Selection bias: Literary digest sample had a selection bias in it. It didn’t give a good chance to non-republican voters to participate since the subscribers were mostly Republicans. Next time when you send out any surveys, or customer research artifacts, always ask this question. ‘Does everyone in my customer segment have an equal chance to participate in this survey?’ The answer might not be straight-forward. You go to the street-market, you bias your sample against stay-at-homes. Go door-to-door, you bias against employed people who might not be at homes a lot, or at least during office hours. (example is taken from How to Lie with statistics)
Publication bias: Positive studies are far more likely to be published than the negative ones. The source of bias isn’t the studies, but due to the skewed ratio of publication of positive findings as compared to negative findings. Example?

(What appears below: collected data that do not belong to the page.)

(* Let $\mathcal{A}$ be an abelian category with enough projective and enough injective objects such that $\mathrm{sidp}(\mathcal{A})<\infty$. If $M\in\mathcal{A}$ admits an exact sequence $0\to M\to P^0\to P^1\to\cdots$ with every $P^i$ projective, then $M$ is Gorenstein projective.
   Context: $\mathrm{sidp}(\mathcal{A})$ is the supremum of the injective dimensions of all projective objects of $\mathcal{A}$. An object is Gorenstein projective if it is isomorphic to $Z^0(P^\bullet)$ for an acyclic complex $P^\bullet$ of projectives with $\mathrm{Hom}(P^\bullet,Q)$ acyclic for every projective $Q$. *)

theory Defs
  imports Main "HOL-Library.Extended_Nat"
begin

text \<open>A category with objects of type 'o and morphisms of type 'm, together with a
  preadditive structure (addition and zero morphisms on each hom-set).
  Composition convention: Comp C g f is g after f.\<close>

record ('o, 'm) acat =
  Obj  :: "'o set"
  Mor  :: "'m set"
  Dom  :: "'m \<Rightarrow> 'o"
  Cod  :: "'m \<Rightarrow> 'o"
  Comp :: "'m \<Rightarrow> 'm \<Rightarrow> 'm"
  Id   :: "'o \<Rightarrow> 'm"
  Add  :: "'m \<Rightarrow> 'm \<Rightarrow> 'm"
  Zero :: "'o \<Rightarrow> 'o \<Rightarrow> 'm"

definition hom :: "('o,'m) acat \<Rightarrow> 'o \<Rightarrow> 'o \<Rightarrow> 'm set" where
  "hom C a b = {f \<in> Mor C. Dom C f = a \<and> Cod C f = b}"

definition is_category :: "('o,'m) acat \<Rightarrow> bool" where
  "is_category C \<longleftrightarrow>
     (\<forall>f \<in> Mor C. Dom C f \<in> Obj C \<and> Cod C f \<in> Obj C) \<and>
     (\<forall>a \<in> Obj C. Id C a \<in> hom C a a) \<and>
     (\<forall>f \<in> Mor C. \<forall>g \<in> Mor C. Cod C f = Dom C g \<longrightarrow>
         Comp C g f \<in> hom C (Dom C f) (Cod C g)) \<and>
     (\<forall>f \<in> Mor C. \<forall>g \<in> Mor C. \<forall>h \<in> Mor C. Cod C f = Dom C g \<and> Cod C g = Dom C h \<longrightarrow>
         Comp C h (Comp C g f) = Comp C (Comp C h g) f) \<and>
     (\<forall>f \<in> Mor C. Comp C f (Id C (Dom C f)) = f \<and> Comp C (Id C (Cod C f)) f = f)"

definition is_preadditive :: "('o,'m) acat \<Rightarrow> bool" where
  "is_preadditive C \<longleftrightarrow>
     (\<forall>a \<in> Obj C. \<forall>b \<in> Obj C.
        Zero C a b \<in> hom C a b \<and>
        (\<forall>f \<in> hom C a b. \<forall>g \<in> hom C a b. Add C f g \<in> hom C a b \<and> Add C f g = Add C g f) \<and>
        (\<forall>f \<in> hom C a b. \<forall>g \<in> hom C a b. \<forall>h \<in> hom C a b.
            Add C (Add C f g) h = Add C f (Add C g h)) \<and>
        (\<forall>f \<in> hom C a b. Add C f (Zero C a b) = f) \<and>
        (\<forall>f \<in> hom C a b. \<exists>g \<in> hom C a b. Add C f g = Zero C a b)) \<and>
     (\<forall>a \<in> Obj C. \<forall>b \<in> Obj C. \<forall>c \<in> Obj C.
        \<forall>f \<in> hom C a b. \<forall>f' \<in> hom C a b. \<forall>g \<in> hom C b c. \<forall>g' \<in> hom C b c.
          Comp C g (Add C f f') = Add C (Comp C g f) (Comp C g f') \<and>
          Comp C (Add C g g') f = Add C (Comp C g f) (Comp C g' f))"

definition zero_object :: "('o,'m) acat \<Rightarrow> 'o \<Rightarrow> bool" where
  "zero_object C z \<longleftrightarrow> z \<in> Obj C \<and>
     (\<forall>a \<in> Obj C. (\<exists>!f. f \<in> hom C z a) \<and> (\<exists>!f. f \<in> hom C a z))"
text \<open>Every agent strictly prefers any alternative of A' to any demoted one, so by
  efficiency the demoted alternatives receive no probability.\<close>
lemma demote_outside_zero:
  assumes R: "R \<in> profiles N A'" and b: "b \<in> A - A'"
  shows "f (demote_outside N A' A R) b = 0"
proof -
  obtain a where a: "a \<in> A'" using alts_ne by blast
  have "R i \<subseteq> A' \<times> A'" if "i \<in> N" for i
    using R that by (auto simp: profiles_def weak_pref_def)
  then have "\<forall>i\<in>N. (a, b) \<in> demote_outside N A' A R i \<and> (b, a) \<notin> demote_outside N A' A R i"
    using a b subset by (auto simp: demote_outside_def)
  then show ?thesis
    using efficient_dominated_alt_zero[OF eff sds fin agents_ne demote_outside_profiles[OF subset R]]
      a b subset by blast
qed

lemma EU_demote_outside:
  assumes "R \<in> profiles N A'"
  shows "EU A u (f (demote_outside N A' A R)) =
    EU A' u ((restrict_lottery A' \<circ> f \<circ> demote_outside N A' A) R)"
  by (rule EU_restrict) (use fin subset demote_outside_zero[OF assms] in \<open>auto simp: restrict_lottery_def\<close>)

lemma is_sds_demote_outside: "is_sds N A' (restrict_lottery A' \<circ> f \<circ> demote_outside N A' A)"
  unfolding is_sds_def
proof
  fix R assume R: "R \<in> profiles N A'"
  let ?p = "f (demote_outside N A' A R)"
  have p: "?p \<in> lotteries A" using sds demote_outside_profiles[OF subset R] by (simp add: is_sds_def)
  have "sum ?p A' = sum ?p A"
    by (rule sum.mono_neutral_left) (use fin subset demote_outside_zero[OF R] in auto)
  then show "(restrict_lottery A' \<circ> f \<circ> demote_outside N A' A) R \<in> lotteries A'"
    using p by (auto simp: lotteries_def restrict_lottery_def)
qed

lemma efficient_demote_outside: "efficient N A' (restrict_lottery A' \<circ> f \<circ> demote_outside N A' A)"
  unfolding efficient_def
proof
  let ?g = "restrict_lottery A' \<circ> f \<circ> demote_outside N A' A"
  assume "\<exists>R\<in>profiles N A'. \<forall>U. util_rep N A' U \<longrightarrow> (\<exists>p\<in>lotteries A'. u_dominates N A' U R p (?g R))"
  then obtain R where R: "R \<in> profiles N A'"
    and dom: "\<And>U. util_rep N A' U \<Longrightarrow> \<exists>p\<in>lotteries A'. u_dominates N A' U R p (?g R)" by blast
  define R\<^sub>A where "R\<^sub>A = demote_outside N A' A R"
  have "\<exists>p\<in>lotteries A. u_dominates N A U R\<^sub>A p (f R\<^sub>A)" if U: "util_rep N A U" for U
  proof -
    obtain p where p: "p \<in> lotteries A'"
      and d: "u_dominates N A' (\<lambda>R. U (demote_outside N A' A R)) R p (?g R)"
      using dom[OF util_rep_demote_outside[OF subset U]] by blast
    have EU_p: "EU A u p = EU A' u p" for u
      by (rule EU_restrict) (use fin subset p in \<open>auto simp: lotteries_def\<close>)
    have "u_dominates N A U R\<^sub>A p (f R\<^sub>A)"
      using d unfolding u_dominates_def R\<^sub>A_def EU_demote_outside[OF R] EU_p .
    then show ?thesis using p lotteries_mono[OF subset fin] by blast
  qed
  then show False using eff demote_outside_profiles[OF subset R] unfolding efficient_def R\<^sub>A_def
    by blast
qed
lemma expansion_coeffs_identity:
  fixes r :: "nat \<Rightarrow> 'k::comm_ring_1 ncp"
  assumes indep: "lin_indep_on J r" and "finite J" and ij: "i \<in> J" "j \<in> J"
    and expand: "r i = (\<lambda>a. \<Sum>j\<in>J. lam i j * r j a)"
  shows "lam i j = (if i = j then 1 else 0)"
proof -
  define c where "c = (\<lambda>j. lam i j - (if i = j then 1 else 0))"
  have "(\<Sum>j\<in>J. c j * r j a) = 0" for a
  proof -
    have "(\<Sum>j\<in>J. c j * r j a)
        = (\<Sum>j\<in>J. lam i j * r j a) - (\<Sum>j\<in>J. if i = j then r j a else 0)"
      unfolding c_def left_diff_distrib sum_subtractf by (auto intro!: sum.cong)
    also have "\<dots> = r i a - r i a"
      using \<open>finite J\<close> ij by (simp add: sum.delta fun_cong[OF expand])
    finally show ?thesis by simp
  qed
  then have "c j = 0" using indep ij unfolding lin_indep_on_def by blast
  then show ?thesis unfolding c_def by auto
qed

lemma d3_full:
  assumes "\<And>i j. i < n \<Longrightarrow> j < n \<Longrightarrow> lam i j = (if i = j then 1 else 0)" and "j < n"
  shows "d3 n lam c j = xdiff j"
proof -
  have "d3 n lam c j = (\<Sum>i<n. if i = j then xdiff i else 0)"
    unfolding d3_def using assms by (intro sum.cong) (auto simp: fun_eq_iff)
  then show ?thesis using assms(2) by simp
qed

text \<open>A linear relation among the cyclic derivatives gives a 1-cocycle of C_w^vee with
  constant coefficients: d_2^* kills \<Sum>_i c_i (1 (x) x_i^* (x) 1).\<close>
lemma relation_cocycle:
  assumes rel: "\<And>s. (\<Sum>i<n. cc i * cycder w i s) = 0"
  shows "app {..<n} (d2s w) (\<lambda>i p. cc i * one_tt p) j = 0"
proof (rule ext, clarify)
  fix a b :: "nat list"
  have sym: "cycder w j (b @ i # a) = cycder w i (a @ j # b)" for i
    using cycder_sym[of w j b i a] by simp
  have "app {..<n} (d2s w) (\<lambda>i p. cc i * one_tt p) j (a, b)
      = (\<Sum>i<n. cc i * cycder w i (a @ [j] @ b))"
    unfolding app_def
    by (simp add: act_smult_one_left sum_fun_apply d2s_def swap_def pder_def sym)
  then show "app {..<n} (d2s w) (\<lambda>i p. cc i * one_tt p) j (a, b) = 0 (a, b)"
    using rel by simp
qed

lemma relation_from_expansion:
  fixes lam :: "nat \<Rightarrow> nat \<Rightarrow> 'k::comm_ring_1"
  assumes "J \<subseteq> {..<n}" "m < n" "m \<notin> J"
    and expand: "cycder w m = (\<lambda>a. \<Sum>j\<in>J. lam m j * cycder w j a)"
  defines "cc \<equiv> \<lambda>i. if i = m then 1 else if i \<in> J then - lam m i else 0"
  shows "(\<Sum>i<n. cc i * cycder w i s) = 0"
proof -
  have "(\<Sum>i<n. cc i * cycder w i s)
      = cc m * cycder w m s + (\<Sum>i\<in>{..<n} - {m}. cc i * cycder w i s)"
    using assms(2) by (intro sum.remove) auto
  also have "(\<Sum>i\<in>{..<n} - {m}. cc i * cycder w i s) = (\<Sum>j\<in>J. - lam m j * cycder w j s)"
    using assms(1,3) unfolding cc_def by (intro sum.mono_neutral_cong_right) auto
  also have "cc m * cycder w m s = (\<Sum>j\<in>J. lam m j * cycder w j s)"
    unfolding cc_def by (simp add: expand)
  finally show ?thesis by (simp add: sum_negf)
qed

Read this from The New York Times’s article Antidepressant Studies Unpublished that says:
“The makers of antidepressants like Prozac and Paxil never published the results of about a third of the drug trials that they conducted to win government approval, misleading doctors and consumers about the drugs’ true effectiveness, a new analysis has found. In published trials, about 60 percent of people taking the drugs report significant relief from depression, compared with roughly 40 percent of those on placebo pills. But when the less positive, unpublished trials are included, the advantage shrinks: the drugs outperform placebos, but by a modest margin, concludes the new report, which appears Thursday in The New England Journal of Medicine.“
There are a lot of different kinds of biases. In fact there is a catalog of biases.
Once you know which kind of bias may be present, you can work on fixing the problem. A simple example would be, If you do door-to-door research, where your sample might be biased against employed people, you can visit them at different times, on weekends, etc where you might find the people that were generally missing from the dataset you first created.
By now, you should start appreciating these facts:
1) A representative sample is a precursor to getting correct insights into the problem you intend to solve.
2) Getting good data is harder than it looks.
3) It’s easy to make mistakes by applying good statistical methods on bad samples.
4) Size matters, a bigger sample is better, but no amount of data will make up for the harm caused by a biased sample.
If you have a truly random sample, then it’s a very good chance that it is representative of the population you are targeting. But it’s easier said than done as we have seen in the above example. The test of the random sample is very simple.
Does everyone in the group have equal chance to be in the sample?